Please read the docs for Installation Instructions and description of other methods and variables.
The kinetic Monte Carlo algorithm is used to sample a short simulation trajectory of small particles and extend it to longer timescales with low computation cost. The simulation box is sub-divided into small voxels having equal grid sizes. The input trajectory is analysed to construct a transition probability matrix, representative of the system and all its interactions. A particle is then assumed to perform Markovian random walks inside the box, with its displacements biased with the probability matrix. The timestep between two successive random walks is assumed to be constant. This matrix depends on the chosen grid sizes, which affects the dynamics of the random walkers. The grid size is tuned until the averaged mean squared displacement of the random walkers correspond to that of the input trajectory. The advantage of Trajectory Extending Kinetic Monte Carlo technique lies in utilisation of the final probability matrix, to perform significantly long simulations that represent the true dynamics of the input system. This enables studying long-time dynamics of slowly diffusing systems that would otherwise take significant computation time.
Details regarding the main work: Journal, arXiv
Please cite us if you have used any part of this code.
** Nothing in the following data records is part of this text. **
lemma column_tableaux_insert_max_entry:
  assumes B: "B \<in> column_tableaux n (Suc r)"
  shows "B(Suc r := insert (Suc n) (B (Suc r))) \<in> column_tableaux (Suc n) (Suc r)"
proof -
  have "B(Suc r := {}, Suc r := insert (Suc n) (B (Suc r))) \<in> column_tableaux (Suc n) (Suc r)"
  proof (rule column_tableaux_add_last)
    show "B(Suc r := {}) \<in> column_tableaux (Suc n) r"
      using B by (intro column_tableaux_Suc_entries column_tableaux_drop_last)
    show "insert (Suc n) (B (Suc r)) \<subseteq> {1..Suc n}"
      using column_tableaux_subset[OF B, of "Suc r"] by auto
    show "a < b" if "a \<in> (B(Suc r := {})) i" "b \<in> insert (Suc n) (B (Suc r))" for i a b
      using that column_tableaux_subset[OF B, of i] column_tableaux_less_last[OF B, of a i b]
      by (auto split: if_splits)
  qed simp
  then show ?thesis by simp
qed

lemma column_tableaux_remove_max_entry:
  assumes B: "B \<in> column_tableaux (Suc n) (Suc r)" and "Suc n \<in> B (Suc r)" and "B (Suc r) \<noteq> {Suc n}"
  shows "B(Suc r := B (Suc r) - {Suc n}) \<in> column_tableaux n (Suc r)"
proof -
  have "B(Suc r := {}, Suc r := B (Suc r) - {Suc n}) \<in> column_tableaux n (Suc r)"
  proof (rule column_tableaux_add_last[OF column_tableaux_drop_last_Suc[OF B]])
    show "B (Suc r) - {Suc n} \<noteq> {}" using assms(2,3) by auto
    show "B (Suc r) - {Suc n} \<subseteq> {1..n}"
      using column_tableaux_subset[OF B, of "Suc r"] by (auto simp: le_Suc_eq)
    show "a < b" if "a \<in> (B(Suc r := {})) i" "b \<in> B (Suc r) - {Suc n}" for i a b
      using that column_tableaux_less_last[OF B, of a i b] by (auto split: if_splits)
  qed
  then show ?thesis by simp
qed
lemma cond_cross_entropy_L_le_of_approx_markov:
  fixes L :: "'y::finite \<Rightarrow> 'd \<Rightarrow> real" and Y :: "int \<Rightarrow> 'a \<Rightarrow> 'y" and X :: "int \<Rightarrow> 'a \<Rightarrow> 'x::finite"
    and Q Q' :: "'x \<Rightarrow> 'y \<Rightarrow> real"
  assumes L: "\<forall>y d. \<bar>L y d\<bar> \<le> B" and act: "is_bayes_selector L act"
    and Y: "Y t \<in> measurable M (count_space UNIV)"
    and X1: "X s\<^sub>1 \<in> measurable M (count_space UNIV)" and X2: "X s\<^sub>2 \<in> measurable M (count_space UNIV)"
    and mi: "cond_mutual_info M (Y t) (X s\<^sub>1) (X s\<^sub>2) \<le> \<epsilon>\<^sup>2" and \<epsilon>: "0 \<le> \<epsilon>"
    and Q: "\<forall>x. 0 < pX M X s\<^sub>1 x \<longrightarrow> prob_vec (Q x)"
    and fit: "(\<Sum>x\<in>UNIV. pX M X s\<^sub>1 x * (\<Sum>y\<in>UNIV. (pYgX M Y X t s\<^sub>1 x y - Q x y)\<^sup>2)) \<le> \<beta>\<^sup>2"
    and \<beta>: "0 \<le> \<beta>"
  shows "cond_cross_entropy_L L act (pX M X s\<^sub>1) (pYgX M Y X t s\<^sub>1) Q
           \<le> cond_cross_entropy_L L act (pX M X s\<^sub>2) (pYgX M Y X t s\<^sub>2) Q'
             + 2 * B * \<epsilon> + 2 * B * sqrt CARD('y) * \<beta>"
proof -
  define p where "p = joint_prob3 M (Y t) (X s\<^sub>1) (X s\<^sub>2)"
  have J1: "pYX M Y X t s\<^sub>1 y b = (\<Sum>c\<in>UNIV. p y b c)" for y b
    using joint_prob3_marginals(1)[OF Y X1 X2] by (simp add: pYX_def p_def)
  have J2: "pYX M Y X t s\<^sub>2 y c = (\<Sum>b\<in>UNIV. p y b c)" for y c
    using joint_prob3_marginals(2)[OF Y X1 X2] by (simp add: pYX_def p_def)
  have pX1: "pX M X s\<^sub>1 b = (\<Sum>y\<in>UNIV. \<Sum>c\<in>UNIV. p y b c)" for b
    using pX_eq_sum_pYX[where Y=Y and t=t and X=X and s=s\<^sub>1, OF Y X1] by (simp add: J1)
  have dev: "(\<Sum>b\<in>UNIV. (\<Sum>y\<in>UNIV. \<Sum>c\<in>UNIV. p y b c)
                   * (\<Sum>y\<in>UNIV. \<bar>(\<Sum>c\<in>UNIV. p y b c) / (\<Sum>y\<in>UNIV. \<Sum>c\<in>UNIV. p y b c) - Q b y\<bar>))
                 \<le> sqrt CARD('y) * \<beta>"
    using plugin_error_l1_le[OF X1 fit \<beta>] by (simp add: pYgX_def pX1 J1)
  have "0 \<le> B"
    using L abs_ge_zero order_trans by blast
  moreover have "(\<Sum>b\<in>UNIV. \<Sum>y\<in>UNIV. (\<Sum>c\<in>UNIV. p y b c) * L y (act (Q b)))
          \<le> (\<Sum>c\<in>UNIV. \<Sum>y\<in>UNIV. (\<Sum>b\<in>UNIV. p y b c) * L y (act (Q' c))) + 2 * B * \<epsilon>
             + 2 * B * (\<Sum>b\<in>UNIV. (\<Sum>y\<in>UNIV. \<Sum>c\<in>UNIV. p y b c)
                 * (\<Sum>y\<in>UNIV. \<bar>(\<Sum>c\<in>UNIV. p y b c) / (\<Sum>y\<in>UNIV. \<Sum>c\<in>UNIV. p y b c) - Q b y\<bar>))"
  proof (rule plugin_risk_le_risk_of_approx_markov[OF L act _ _ _ \<epsilon>])
    show "prob_vec (\<lambda>(y, b, c). p y b c)"
      unfolding p_def by (rule prob_vec_joint_prob3[OF Y X1 X2])
    show "\<forall>b. 0 < (\<Sum>y\<in>UNIV. \<Sum>c\<in>UNIV. p y b c) \<longrightarrow> prob_vec (Q b)"
      using Q by (simp add: pX1)
    show "kl_div (\<lambda>(y, b, c). p y b c) (\<lambda>(y, b, c). markov_approx p y b c) \<le> \<epsilon>\<^sup>2"
      using mi by (simp add: cond_mutual_info_eq_kl_div[OF Y X1 X2] p_def)
  qed
  ultimately show ?thesis
    unfolding cond_cross_entropy_L_process_eq_joint_risk[where Y=Y and t=t and X=X and s=s\<^sub>1, OF Y X1]
      cond_cross_entropy_L_process_eq_joint_risk[where Y=Y and t=t and X=X and s=s\<^sub>2, OF Y X2] J1 J2
    using mult_left_mono[OF dev, of "2 * B"] by simp
qed

end

theorem theorem3:
  fixes L :: "'y::finite \<Rightarrow> 'a \<Rightarrow> real"
  assumes "\<exists>B. \<forall>y a. \<bar>L y a\<bar> \<le> B"
  shows "\<exists>C. \<forall>(M::'w measure) (Y::int \<Rightarrow> 'w \<Rightarrow> 'y) (X::int \<Rightarrow> 'w \<Rightarrow> 'x::finite)
            (T::nat \<Rightarrow> ('y \<times> 'x) pmf) (act::('y \<Rightarrow> real) \<Rightarrow> 'a)
            (\<beta>::real) (\<epsilon>::real) (t::int) (\<delta>\<^sub>1::nat) (\<delta>\<^sub>2::nat).
     prob_space M \<and>
     (\<forall>s. Y s \<in> measurable M (count_space UNIV) \<and> X s \<in> measurable M (count_space UNIV)) \<and>
     stationary M Y X \<and>
     is_bayes_selector L act \<and>
     0 \<le> \<beta> \<and> 0 \<le> \<epsilon> \<and>
     (\<forall>\<mu> \<nu>::nat. cond_mutual_info M (Y t) (X (t - int \<mu>)) (X (t - int \<mu> - int \<nu>)) \<le> \<epsilon>\<^sup>2) \<and>
     (\<forall>(\<delta>::nat) x. pX M X (t - int \<delta>) x > 0 \<longrightarrow> train_pX (T \<delta>) x > 0) \<and>
     (\<forall>\<delta>::nat. (\<Sum>x\<in>UNIV. pX M X (t - int \<delta>) x *
                 (\<Sum>y\<in>UNIV. (pYgX M Y X t (t - int \<delta>) x y - train_pYgX (T \<delta>) x y)\<^sup>2)) \<le> \<beta>\<^sup>2) \<and>
     \<delta>\<^sub>1 \<le> \<delta>\<^sub>2
     \<longrightarrow>
     cond_cross_entropy_L L act (pX M X (t - int \<delta>\<^sub>1)) (pYgX M Y X t (t - int \<delta>\<^sub>1)) (train_pYgX (T \<delta>\<^sub>1))
       \<le> cond_cross_entropy_L L act (pX M X (t - int \<delta>\<^sub>2)) (pYgX M Y X t (t - int \<delta>\<^sub>2)) (train_pYgX (T \<delta>\<^sub>2))
         + C * max \<epsilon> \<beta>"
proof -
  obtain B where L: "\<forall>y a. \<bar>L y a\<bar> \<le> B"
    using assms by blast
  then have "0 \<le> B"
    using abs_ge_zero order_trans by blast
  then have slack: "2 * B * \<epsilon> + 2 * B * sqrt CARD('y) * \<beta> \<le> (2 * B + 2 * B * sqrt CARD('y)) * max \<epsilon> \<beta>"
    for \<epsilon> \<beta> :: real
    using mult_left_mono[of \<epsilon> "max \<epsilon> \<beta>" "2 * B"] mult_left_mono[of \<beta> "max \<epsilon> \<beta>" "2 * B * sqrt CARD('y)"]
    by (simp add: distrib_right)
  show ?thesis
  proof (intro exI[of _ "2 * B + 2 * B * sqrt CARD('y)"] allI impI, elim conjE)
    fix M :: "'w measure" and Y :: "int \<Rightarrow> 'w \<Rightarrow> 'y" and X :: "int \<Rightarrow> 'w \<Rightarrow> 'x"
      and T :: "nat \<Rightarrow> ('y \<times> 'x) pmf" and act :: "('y \<Rightarrow> real) \<Rightarrow> 'a"
      and \<beta> \<epsilon> :: real and t :: int and \<delta>\<^sub>1 \<delta>\<^sub>2 :: nat
    assume M: "prob_space M"
      and meas: "\<forall>s. Y s \<in> measurable M (count_space UNIV) \<and> X s \<in> measurable M (count_space UNIV)"
      and act: "is_bayes_selector L act" and \<beta>: "0 \<le> \<beta>" and \<epsilon>: "0 \<le> \<epsilon>"
      and mi: "\<forall>\<mu> \<nu>::nat. cond_mutual_info M (Y t) (X (t - int \<mu>)) (X (t - int \<mu> - int \<nu>)) \<le> \<epsilon>\<^sup>2"
      and pos: "\<forall>(\<delta>::nat) x. pX M X (t - int \<delta>) x > 0 \<longrightarrow> train_pX (T \<delta>) x > 0"
      and fit: "\<forall>\<delta>::nat. (\<Sum>x\<in>UNIV. pX M X (t - int \<delta>) x *
                 (\<Sum>y\<in>UNIV. (pYgX M Y X t (t - int \<delta>) x y - train_pYgX (T \<delta>) x y)\<^sup>2)) \<le> \<beta>\<^sup>2"
      and "\<delta>\<^sub>1 \<le> \<delta>\<^sub>2"
    have "cond_mutual_info M (Y t) (X (t - int \<delta>\<^sub>1)) (X (t - int \<delta>\<^sub>2)) \<le> \<epsilon>\<^sup>2"
      using mi[rule_format, of \<delta>\<^sub>1 "\<delta>\<^sub>2 - \<delta>\<^sub>1"] \<open>\<delta>\<^sub>1 \<le> \<delta>\<^sub>2\<close> by (simp add: of_nat_diff)
    then have "cond_cross_entropy_L L act (pX M X (t - int \<delta>\<^sub>1)) (pYgX M Y X t (t - int \<delta>\<^sub>1)) (train_pYgX (T \<delta>\<^sub>1))
        \<le> cond_cross_entropy_L L act (pX M X (t - int \<delta>\<^sub>2)) (pYgX M Y X t (t - int \<delta>\<^sub>2)) (train_pYgX (T \<delta>\<^sub>2))
          + 2 * B * \<epsilon> + 2 * B * sqrt CARD('y) * \<beta>"
      (is "?H\<^sub>1 \<le> ?H\<^sub>2 + _ + _")
      using meas pos fit \<epsilon> \<beta>
      by (intro prob_space.cond_cross_entropy_L_le_of_approx_markov[OF M L act])
        (auto intro: prob_vec_train_pYgX)
    then show "?H\<^sub>1 \<le> ?H\<^sub>2 + (2 * B + 2 * B * sqrt CARD('y)) * max \<epsilon> \<beta>"
      using slack[of \<epsilon> \<beta>] by linarith
  qed
qed

end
To run, modify run.py for your simulation trajectories and run using python. Object of TEKMC class requires the following inputs.
Parameters
trajectory_file : str name of the trajectory file (.dcd, etc) topology_file : str name of the topology file (.gro, etc) timestep : float timestep between MD frames in ns stride : int stride to add between the frames of the trajectory atom_name : str atom to track during TEKMC
Optional parameters
md_filename : str, default: None MSD file of MD trajectories (should contain time and msd in ns and A^2) This file will be created if not provided symmetrization_type : {‘min’, ‘max’, ‘average’}, default: ‘average’ type of artificial symmetrization imposed during TEKMC threshold : float, default: 0.0 Only entries with prob > threshold will be retained in the probability matrix n_cpus : int , default: number of cores in the system number of CPU cores to utilize during TEKMC run cmap : str, default: ‘terrain’ Color map used to generate colors whenever required
[1] Dasgupta, S., KS, A., Ayappa, K. G., & Maiti, P. K. (2023). Trajectory-Extending Kinetic Monte Carlo Simulations to Evaluate Pure and Gas Mixture Diffusivities through a Dense Polymeric Membrane. The Journal of Physical Chemistry B.
[2] Neyertz, S., & Brown, D. (2010). A trajectory-extending kinetic Monte Carlo (TEKMC) method for estimating penetrant diffusion coefficients in molecular dynamics simulations of glassy polymers. Macromolecules, 43(21), 9210-9214.